As WTI is trying to hold over 61.00$, with a steady close over the 62.00$ level, 63.33$ (September high) and 66.56$ (April high) levels can be followed as resistances. Below the 61.00$ level, 60.43$ (63.33$-51.03$ %76.40) 60.00$ and 58.63$ (63.33$-51.03$ %61.80) levels can be followed as supports.

Support Levels: 61.00$ 60.43$ 60.00$

Resistance Levels: 62.00$ 63.33$ 66.56$


After a short breath pause, Dow Jones started Thursday trading with a gap up and kept its way north the whole day refreshing its all-time high level.
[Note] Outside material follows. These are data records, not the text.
lemma nameless_eq_coinduct:
  fixes R :: "'v ppt \<Rightarrow> 'v ppt \<Rightarrow> bool"
  assumes "R P Q"
    and step: "\<And>P Q. R P Q \<Longrightarrow> \<exists>P' Q'. length (fst P') = length (fst P)
      \<and> nameless P' = nameless P \<and> nameless Q' = nameless Q \<and> eq_step R P' Q'"
  shows "nameless P = nameless Q"
proof -
  define B :: "'v dbterm \<Rightarrow> 'v dbterm \<Rightarrow> bool"
    where "B a b \<longleftrightarrow> (\<exists>f P Q. R P Q \<and> a = ren f (nameless P) \<and> b = ren f (nameless Q))" for a b
  have B_step: "dbterm_step B (ren f (nameless P)) (ren f (nameless Q))" if "R P Q" for f P Q
    using that
    \<comment> \<open>weakening is not guarded by a constructor, but it shortens the prefix\<close>
  proof (induction "length (fst P)" arbitrary: f P Q rule: less_induct)
    case less
    then obtain P' Q' where len: "length (fst P') = length (fst P)"
      and eq: "nameless P' = nameless P" "nameless Q' = nameless Q" and "eq_step R P' Q'"
      using step by metis
    from \<open>eq_step R P' Q'\<close>
    have "dbterm_step B (ren f (nameless P')) (ren f (nameless Q'))"
    proof cases
      case (eq_step_ax xs zs y u)
      then show ?thesis by (simp add: dbterm_step_def)
    next
      case (eq_step_wk xs zs s t y w)
      then have "dbterm_step B (ren (f \<circ> Suc) (nameless (xs, s))) (ren (f \<circ> Suc) (nameless (zs, t)))"
        using less.hyps len by simp
      then show ?thesis
        using eq_step_wk by (simp add: nameless_snoc_not_free ren_ren)
    next
      case (eq_step_lam xs zs y s u t)
      then show ?thesis unfolding dbterm_step_def B_def by fastforce
    next
      case (eq_step_app xs zs s0 t0 s1 t1)
      then show ?thesis unfolding dbterm_step_def B_def by fastforce
    qed
    then show ?case by (simp only: eq)
  qed
  have "ren id (nameless P) = ren id (nameless Q)"
  proof (rule dbterm_eq_coinduct[of B])
    show "B (ren id (nameless P)) (ren id (nameless Q))"
      using assms(1) unfolding B_def by blast
  next
    fix a b
    assume "B a b"
    then obtain f P Q where "R P Q" "a = ren f (nameless P)" "b = ren f (nameless Q)"
      unfolding B_def by blast
    then show "dbterm_step B a b" using B_step by blast
  qed
  then show ?thesis by simp
qed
The People's Bank of China's (PBOC) decision to cut the Reserve Requirement Ratio (RRR) by 50 basis points to inject more than $100 billion into the economy supported the risk sentiment across the globe. Trump confirmed that he will be signing the phase-one deal on January 15th which also supported the positive market sentiment. 

Below the 28.400 handle, 28.000 and 27.770 can be followed as supports. On the other hand, resistances might be followed at 29.000, 29.500 and 30.000 levels.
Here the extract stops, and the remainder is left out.